あ、グリードを入れると4体か……、多いのかな?
「ふぇ!?3体!?ロアお姉さん大丈夫なの?」
「ふむ、この通りぴんぴんしとるぞ?」
「で?会ってみて思ったことは?」
「んー?少々レベルが高かったぐらいかの?」
「まぁそれもあるが、人間を襲ってなかったか?」
「襲ってはいたんじゃが、魔王ってそんなもんじゃろ?」
「言葉は喋ったか?」
「一人はしゃべったが、他はまるっきり獣じゃったな」
「なるほど、ではやはりお前らは珍しいな。俺が見た魔王は喋らないしやたら手強かったし人間を襲っていた」
「だからなんじゃ?」
「お前らみたいに意志がはっきりわかる魔王と意思疏通が出来ない魔王の二種類がいるってこった。しかも後者が多い。そこのプリシラも攻撃してきたからそっちかと思ってたが、違ったみたいだったし?お前共々興味が沸いたからここへ来てもらった」
「少数派、ねぇ…」
「あとは、そこの勇者が探しているって話だったからな、協力させてもらった」
二人を見ると跪づいた姿勢でこちらの様子を伺っていた。
「妾たちを連れてきた理由は分かった、もう他にはないのか?」
退屈そうにしながらプリシラはゴルドラを睨んだ。
「そう睨むな、後はお前さんに用があるだけだ」
「妾か」
「ああ、この場所がエルドラドの中心で尚且つお前さんの前に立っているのがこの国の王だ。どうする?」
「どうするとは?」
「殺さないのか?」
ゴルドラがそう言うと控えていたギャランドが静かに構えた、プリシラが動いた瞬間に取り押さえるつもりなのだろう。

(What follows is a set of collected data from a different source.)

(* Let $T$ be a tree of diameter $d$ on $n$ vertices with maximum Wiener index. Let $x$ be a special vertex of $T$ and let $T_1,T_2$ be components of $T-x$ such that each of them contains exactly one broom vertex of $T$ and $d(y,y')<d$ for all leaves $y\in V(T_1)$, $y'\in V(T_2)$. Let $y_1\in V(T_1)$, $y_2\in V(T_2)$ be leaves of $T$, $y_1'$ the broom vertex adjacent to $y_1$, $p=d(x,y_1)=d(x,y_2)$, and $t_i$ the number of leaves of $T$ in $T_i$ ($i\in\{1,2\}$). Let $T'=T_2\xrightarrow{T} y_1'$. If $n\geq 1636$, $p\leq 4\sqrt{\frac{n-1}{2}}-3$ and $W(T)\geq W(T')$, then $$t_1\geq \left\lceil\sqrt{\frac{n-1}{2}}\right\rceil-1 \text{ if } t_1=t_2, \qquad t_1\geq \left\lceil\sqrt{\frac{n-\frac12}{2}}-\frac12\right\rceil \text{ if } t_1=t_2+1.$$
   Context: All graphs are finite and simple; $d(u,v)$ denotes distance and $W(G)=\sum_{\{u,v\}\subseteq V(G)} d(u,v)$ is the Wiener index. A tree $T$ of order $n$ and diameter $d$ has maximum Wiener index if $W(T')\leq W(T)$ for every tree $T'$ of order $n$ and diameter $d$. A leaf is a vertex of degree $1$; a broom vertex of $T$ is a vertex adjacent to a leaf of $T$. A vertex $x$ of a tree $T$ of diameter $d$ is special if $\deg(x)\geq 3$ and there exist components $T_1,T_2$ of $T-x$ such that each contains exactly one broom vertex of $T$ and $d(y,y')<d$ for all leaves $y\in V(T_1)$, $y'\in V(T_2)$. For such $x,T_1,T_2$ and the broom vertex $y_1'$ of $T_1$, the tree $T_2\xrightarrow{T} y_1'$ is obtained from $T$ by deleting all vertices of $T_2$ and attaching $|V(T_2)|$ new leaves to $y_1'$. *)

theory Defs
  imports Complex_Main
begin

definition sgraph :: "'a set \<Rightarrow> 'a set set \<Rightarrow> bool" where
  "sgraph V E \<longleftrightarrow> finite V \<and> (\<forall>e\<in>E. \<exists>u v. e = {u, v} \<and> u \<noteq> v \<and> u \<in> V \<and> v \<in> V)"

definition walk :: "'a set \<Rightarrow> 'a set set \<Rightarrow> 'a list \<Rightarrow> bool" where
  "walk V E xs \<longleftrightarrow> xs \<noteq> [] \<and> set xs \<subseteq> V \<and>
     (\<forall>i. Suc i < length xs \<longrightarrow> {xs ! i, xs ! Suc i} \<in> E)"

definition connected_graph :: "'a set \<Rightarrow> 'a set set \<Rightarrow> bool" where
  "connected_graph V E \<longleftrightarrow>
     (\<forall>u\<in>V. \<forall>v\<in>V. \<exists>xs. walk V E xs \<and> hd xs = u \<and> last xs = v)"

definition is_tree :: "'a set \<Rightarrow> 'a set set \<Rightarrow> bool" where
  "is_tree V E \<longleftrightarrow> sgraph V E \<and> V \<noteq> {} \<and> connected_graph V E \<and> card E = card V - 1"

definition gdist :: "'a set \<Rightarrow> 'a set set \<Rightarrow> 'a \<Rightarrow> 'a \<Rightarrow> nat" where
  "gdist V E u v = (LEAST k. \<exists>xs. walk V E xs \<and> hd xs = u \<and> last xs = v \<and> length xs = Suc k)"

definition wiener :: "'a set \<Rightarrow> 'a set set \<Rightarrow> nat" where
  "wiener V E = (\<Sum>u\<in>V. \<Sum>v\<in>V. gdist V E u v) div 2"

definition diameter :: "'a set \<Rightarrow> 'a set set \<Rightarrow> nat" where
  "diameter V E = Max {gdist V E u v | u v. u \<in> V \<and> v \<in> V}"

definition degree :: "'a set \<Rightarrow> 'a set set \<Rightarrow> 'a \<Rightarrow> nat" where
  "degree V E v = card {u \<in> V. {u, v} \<in> E}"

definition leaf :: "'a set \<Rightarrow> 'a set set \<Rightarrow> 'a \<Rightarrow> bool" where
  "leaf V E v \<longleftrightarrow> v \<in> V \<and> degree V E v = 1"

definition broom_vertex :: "'a set \<Rightarrow> 'a set set \<Rightarrow> 'a \<Rightarrow> bool" where
  "broom_vertex V E v \<longleftrightarrow> v \<in> V \<and> (\<exists>y. leaf V E y \<and> {v, y} \<in> E)"

text \<open>Maximum Wiener index among all trees of the same order and diameter
  (every finite tree is isomorphic to one on a set of naturals).\<close>
definition max_wiener_tree :: "'a set \<Rightarrow> 'a set set \<Rightarrow> bool" where
  "max_wiener_tree V E \<longleftrightarrow> is_tree V E \<and>
     (\<forall>(V'::nat set) E'. is_tree V' E' \<and> card V' = card V \<and> diameter V' E' = diameter V E
        \<longrightarrow> wiener V' E' \<le> wiener V E)"

definition comp_minus :: "'a set \<Rightarrow> 'a set set \<Rightarrow> 'a \<Rightarrow> 'a \<Rightarrow> 'a set" where
  "comp_minus V E x w = {u. \<exists>xs. walk V E xs \<and> hd xs = w \<and> last xs = u \<and> x \<notin> set xs}"
lemma basis_nonzero: "i < N \<Longrightarrow> v i \<noteq> 0"
  using coord_basis_vector[of i i] coord_zero by force

lemma dim_UNIV_eq: "dim (UNIV :: 'v set) = N"
  using inj_basis by (simp add: card_image)

lemma subspaces_dim_N: "{W. subspace W \<and> dim W = N} = {UNIV}"
proof -
  have "W = UNIV" if "subspace W" "dim W = N" for W
  proof -
    have "span W = UNIV"
      using that finite_dim.dim_eq_full dim_UNIV_eq by (simp add: finite_dim.dimension_def)
    with that show "W = UNIV" using span_eq_iff by metis
  qed
  then show ?thesis using dim_UNIV_eq subspace_UNIV by auto
qed

lemma ex_subspace_dim: "i \<le> N \<Longrightarrow> \<exists>W. subspace W \<and> dim W = i"
proof -
  assume "i \<le> N"
  then have "v ` {..<i} \<subseteq> v ` {..<N}" "{..<i} \<subseteq> {..<N}" by auto
  then have "independent (v ` {..<i})" "inj_on v {..<i}"
    using independent_mono[OF independent_basis] inj_on_subset[OF inj_basis] by blast+
  then show ?thesis
    using dim_span_eq_card_independent by (metis card_image card_lessThan subspace_span)
qed

lemma nonzero_in_positive_dim: "dim W = i \<Longrightarrow> 1 \<le> i \<Longrightarrow> W - {0} \<noteq> {}"
  using finite_dim.dim_subset[of W "{0}"] by auto

definition coord_l2_norm :: "(nat \<Rightarrow> real) \<Rightarrow> 'v \<Rightarrow> real" where
  "coord_l2_norm \<rho> w = L2_set (\<lambda>i. cmod (\<gamma> w i) * \<rho> i) {..<N}"

lemma coord_le_coord_l2_norm: "i < N \<Longrightarrow> cmod (\<gamma> w i) * \<rho> i \<le> coord_l2_norm \<rho> w"
  unfolding coord_l2_norm_def by (rule member_le_L2_set) auto

lemma coord_l2_norm_basis_vector:
  assumes "i < N" "0 \<le> \<rho> i"
  shows "coord_l2_norm \<rho> (v i) = \<rho> i"
proof -
  have "coord_l2_norm \<rho> (v i) = L2_set (\<lambda>j. if j = i then \<rho> i else 0) {..<N}"
    unfolding coord_l2_norm_def using assms(1) by (intro L2_set_cong) (auto simp: coord_basis_vector)
  also have "\<dots> = \<rho> i"
    unfolding L2_set_def using assms by (simp add: if_distrib[of "\<lambda>x. x\<^sup>2"] cong: if_cong)
  finally show ?thesis .
qed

ギャランドがどれだけ強くても、それでもプリシラには追い付けないだろう。きっとギャランドも分かってる筈だ。
まぁ、もしもの時は俺が止めようかな。
「興が乗らん」
それだけ言うとプリシラは黙ってしまった。
だけど何故だろう、俺にはツンデレのデレに見えて仕方ない。
「クッハハハハハ!そうか!興が乗らねぇか!ハハハハッ!」
「何故笑う、やかましい奴だ」
ほっ、どうやらなんにも起きないみたいだ。
ギャランドも流石に冷や汗をかいて笑っている。さっきの状況で笑えるなんて、やっぱり大物なのだろう。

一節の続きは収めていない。